1 PROJECT SUMMARY 2 The overarching goals of the African Americans Fighting Alzheimer’s in Midlife (AA-FAIM) renewal are to 3 promote timely and valid detection of Alzheimer’s disease (AD) and related dementias (ADRD) in Black 4 populations and to increase inclusion of Black adults in ADRD research. Being racialized as Black in the US is 5 associated with twice the risk of cognitive decline and ADRD relative to non-Hispanic whites. Yet, because Black 6 Americans are substantially under-recruited and under-represented in ADRD research, gaps remain in our 7 understanding of the generalizability of prevailing theories of preclinical AD pathophysiology (e.g. the amyloid 8 hypothesis) to Black patients. To address these gaps, we must obtain essential biomarker data from Black 9 participants and improve inclusion of Black participants, examining recruitment/retention with scientific rigor. In 10 Aim 1, we will explore the relevance of preclinical amyloidosis in predicting cognitive decline in a Black cohort, 11 comparing models considering roles of (a) preclinical AD pathology, (b) vascular risk factors, (c) psychosocial 12 factors, and (d) cognitive markers in predicting cognitive decline in a cohort of 400 Black adults. Aim 2 will 13 examine the association between plasma Aß42/40 and Amyloid PET positivity (PET A+) and test the 14 chronicity/EAOA (estimated age of amyloid onset) model of preclinical AD in Black participants. We will 15 investigate associations between plasma Aß42/40 and concurrent PET A+, and assess whether longer amyloid 16 chronicity and/or earlier EAOA are associated with accelerated cognitive decline. Aim 3 examines factors 17 associated with successful enrollment and retention. We will assess patterns of perceptions and beliefs relative 18 to an emerging model of participant engagement, and explore model constructs’ efficacy in predicting 19 prospective participation decisions. With renewed investment in the AA-FAIM cohort, we will continue 20 contributing to an emerging understanding of preclinical ADRD in a minoritized population. Moreover, we can 21 further leverage our participants’ contributions by partnering with teams seeking access to these unique data.
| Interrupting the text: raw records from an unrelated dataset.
lemma sum_le_sum_top_of_mono:
  fixes f :: "nat \<Rightarrow> 'a::ordered_comm_monoid_add"
  assumes "mono f" and "Q \<subseteq> {..<n}"
  shows "sum f Q \<le> sum f {n - card Q..<n}"
  using assms(2)
proof (induction n arbitrary: Q)
  case 0
  then show ?case by simp
next
  case (Suc n)
  have "finite Q" using Suc.prems finite_subset by blast
  show ?case
  proof (cases "n \<in> Q")
    case True
    have sub: "Q - {n} \<subseteq> {..<n}" using Suc.prems by auto
    have "card Q = Suc (card (Q - {n}))"
      using card_Suc_Diff1[OF \<open>finite Q\<close> True] by simp
    then have eq: "Suc n - card Q = n - card (Q - {n})" by simp
    have "sum f Q = f n + sum f (Q - {n})"
      using True \<open>finite Q\<close> by (simp add: sum.remove)
    also have "\<dots> \<le> f n + sum f {Suc n - card Q..<n}"
      using Suc.IH[OF sub] unfolding eq by (rule add_left_mono)
    also have "\<dots> = sum f {Suc n - card Q..<Suc n}"
      unfolding eq using sum.atLeastLessThan_Suc[OF diff_le_self, of f n] by (simp add: add.commute)
    finally show ?thesis .
  next
    case False
    then have sub: "Q \<subseteq> {..<n}" using Suc.prems by (auto simp: less_Suc_eq)
    then have "card Q \<le> n" using card_mono[OF _ sub] by simp
    have "sum f Q \<le> sum f {n - card Q..<n}" using Suc.IH[OF sub] .
    also have "\<dots> \<le> (\<Sum>i\<in>{n - card Q..<n}. f (Suc i))"
      using \<open>mono f\<close> by (intro sum_mono) (simp add: monoD)
    also have "\<dots> = sum f {Suc n - card Q..<Suc n}"
      using \<open>card Q \<le> n\<close> by (simp only: sum.shift_bounds_Suc_ivl Suc_diff_le)
    finally show ?thesis .
  qed
qed

lemma sum_weighted_gaps:
  fixes Z :: "nat \<Rightarrow> real"
  assumes "1 \<le> p" and "p \<le> q"
  shows "(\<Sum>i\<in>{p-1..<q}. (Z (Suc i) - (if i = p - 1 then X else Z i)) * (real i / (real i + 1)))
    = Z q * (real q / (real q + 1)) - X * ((real p - 1) / real p)
      - (\<Sum>j=p..q. Z j / (real j * (real j + 1)))"
  using assms(2)
proof (induction q rule: dec_induct)
  case base
  have "{p-1..<p} = {p-1}" and "real (p - 1) = real p - 1" and "real p > 0"
    and "real p + real p * real p > 0"
    using assms(1) by (auto simp: add_pos_pos)
  then show ?case by (simp add: divide_simps) (simp add: algebra_simps)
next
  case (step n)
  have "{p-1..<Suc n} = insert n {p-1..<n}" and "{p..Suc n} = insert (Suc n) {p..n}"
    and "n \<noteq> p - 1"
    using step assms(1) by auto
  moreover have "real n + 1 > 0" "real n + 2 > 0" by auto
  ultimately show ?case using step.IH by (simp add: divide_simps) (simp add: algebra_simps)
qed

lemma sum_weighted_window_gaps:
  fixes Z :: "nat \<Rightarrow> real"
  assumes "1 \<le> p" and "p \<le> q"
  shows "(\<Sum>i\<in>{p-1..q}. ((if i = q then Y else Z (Suc i)) - (if i = p - 1 then X else Z i))
            * (real i / (real i + 1)))
    = Y * (real q / (real q + 1)) - X * ((real p - 1) / real p)
      - (\<Sum>j=p..q. Z j / (real j * (real j + 1)))"
proof -
  have "{p-1..q} = insert q {p-1..<q}" and "q \<noteq> p - 1" using assms by auto
  moreover have "(\<Sum>i\<in>{p-1..<q}. ((if i = q then Y else Z (Suc i)) - (if i = p - 1 then X else Z i))
      * (real i / (real i + 1)))
    = (\<Sum>i\<in>{p-1..<q}. (Z (Suc i) - (if i = p - 1 then X else Z i)) * (real i / (real i + 1)))"
    by (intro sum.cong) auto
  ultimately show ?thesis using sum_weighted_gaps[OF assms, of Z X] by (simp add: field_simps)
qed

section \<open>The linear program \<open>B\<^sub>p\<^sub>,\<^sub>q\<close>\<close>

lemma B_feasible_mono:
  assumes "B_feasible p q \<omega> chi" and "1 \<le> i" and "i \<le> j" and "j \<le> 10"
  shows "\<omega> i \<le> \<omega> j"
  using assms(3,4)
proof (induction j rule: dec_induct)
  case (step n)
  then have "\<omega> n \<le> \<omega> (Suc n)" using assms(1,2) by (auto simp: B_feasible_def)
  with step show ?case by simp
qed simp

lemma B_objective_le_4:
  assumes "1 \<le> p" and "p \<le> q" and "q \<le> 10" and F: "B_feasible p q \<omega> chi"
  shows "B_objective p q \<omega> chi \<le> 4"
proof -
  have "1 \<le> \<omega> p" and "\<omega> q \<le> 7/8 * chi" and "chi - \<omega> 1 \<le> 1"
    using F by (simp_all add: B_feasible_def)
  moreover have "\<omega> 1 \<le> \<omega> q" and "\<omega> p \<le> \<omega> q"
    using B_feasible_mono[OF F] assms(1-3) by auto
  ultimately have "0 < chi" and "chi \<le> 8" by linarith+
  have "0 \<le> (\<Sum>j=p..q. \<omega> j / (real j * (real j + 1)))"
  proof (intro sum_nonneg)
    fix j assume "j \<in> {p..q}"
    then have "\<omega> p \<le> \<omega> j" using B_feasible_mono[OF F] assms(1,3) by auto
    then show "0 \<le> \<omega> j / (real j * (real j + 1))" using \<open>1 \<le> \<omega> p\<close> by simp
  qed
  moreover have "1 / real p \<le> 1" using assms(1) by simp
  moreover have "real q / (real q + 1) * (7/8) - 1/2 \<le> 3/8"
    by (simp add: field_simps)
  then have "(real q / (real q + 1) * (7/8) - 1/2) * chi \<le> 3/8 * chi"
    using \<open>0 < chi\<close> by (intro mult_right_mono) auto
  ultimately show ?thesis using \<open>chi \<le> 8\<close> unfolding B_objective_def by linarith
qed

lemma B_objective_le_B_val:
  assumes "1 \<le> p" and "p \<le> q" and "q \<le> 10" and "B_feasible p q \<omega> chi"
  shows "B_objective p q \<omega> chi \<le> B_val p q"
  unfolding B_val_def
proof (rule cSup_upper)
  show "B_objective p q \<omega> chi \<in> {B_objective p q \<omega> chi |\<omega> chi. B_feasible p q \<omega> chi}"
    using assms(4) by blast
  show "bdd_above {B_objective p q \<omega> chi |\<omega> chi. B_feasible p q \<omega> chi}"
    using B_objective_le_4[OF assms(1-3)] by (auto intro!: bdd_aboveI[where M = 4])
qed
1 项目概要 2 非裔美国人中年抗击阿尔茨海默病 (AA-FAIM) 更新的总体目标是 3 促进及时有效地检测黑人中的阿尔茨海默病 (AD) 和相关痴呆症 (ADRD) 4 人群并增加黑人成人参与 ADRD 研究。在美国被种族化为黑人是 5 与非西班牙裔白人相比，认知能力下降和 ADRD 风险高出两倍。然而，因为黑 6 美国人在 ADRD 研究中的招募和代表性严重不足，我们的研究中仍然存在差距 7 了解临床前 AD 病理生理学主流理论的普遍性（例如淀粉样蛋白 8 假设）针对黑人患者。为了解决这些差距，我们必须从 Black 获得重要的生物标志物数据 9 名参与者并提高黑人参与者的包容性，以科学严谨的方式检查招募/保留情况。在 10 目标 1，我们将探讨临床前淀粉样变性在预测黑人群体认知能力下降方面的相关性， 11 个比较模型考虑了 (a) 临床前 AD 病理学、(b) 血管危险因素、(c) 社会心理的作用 12 个因素和 (d) 认知标记可预测 400 名黑人成年人的认知能力下降。目标2将 13 检查血浆 Aß42/40 和淀粉样蛋白 PET 阳性 (PET A+) 之间的关联并测试 14 黑人参与者临床前 AD 的慢性/EAOA（淀粉样蛋白发病估计年龄）模型。我们将 15 研究血浆 Aß42/40 与并发 PET A+ 之间的关联，并评估淀粉样蛋白是否更长 16 慢性和/或早期 EAOA 与认知能力加速下降有关。目标 3 检查因素 17 与成功注册和保留相关。我们将评估相对的认知和信念模式 18 一个新兴的参与者参与模型，并探索模型构建在预测方面的功效 19 项预期参与决定。随着对 AA-FAIM 队列的重新投资，我们将继续 20 有助于对少数群体中临床前 ADRD 的新认识。此外，我们还可以 21 通过与寻求访问这些独特数据的团队合作，进一步利用参与者的贡献。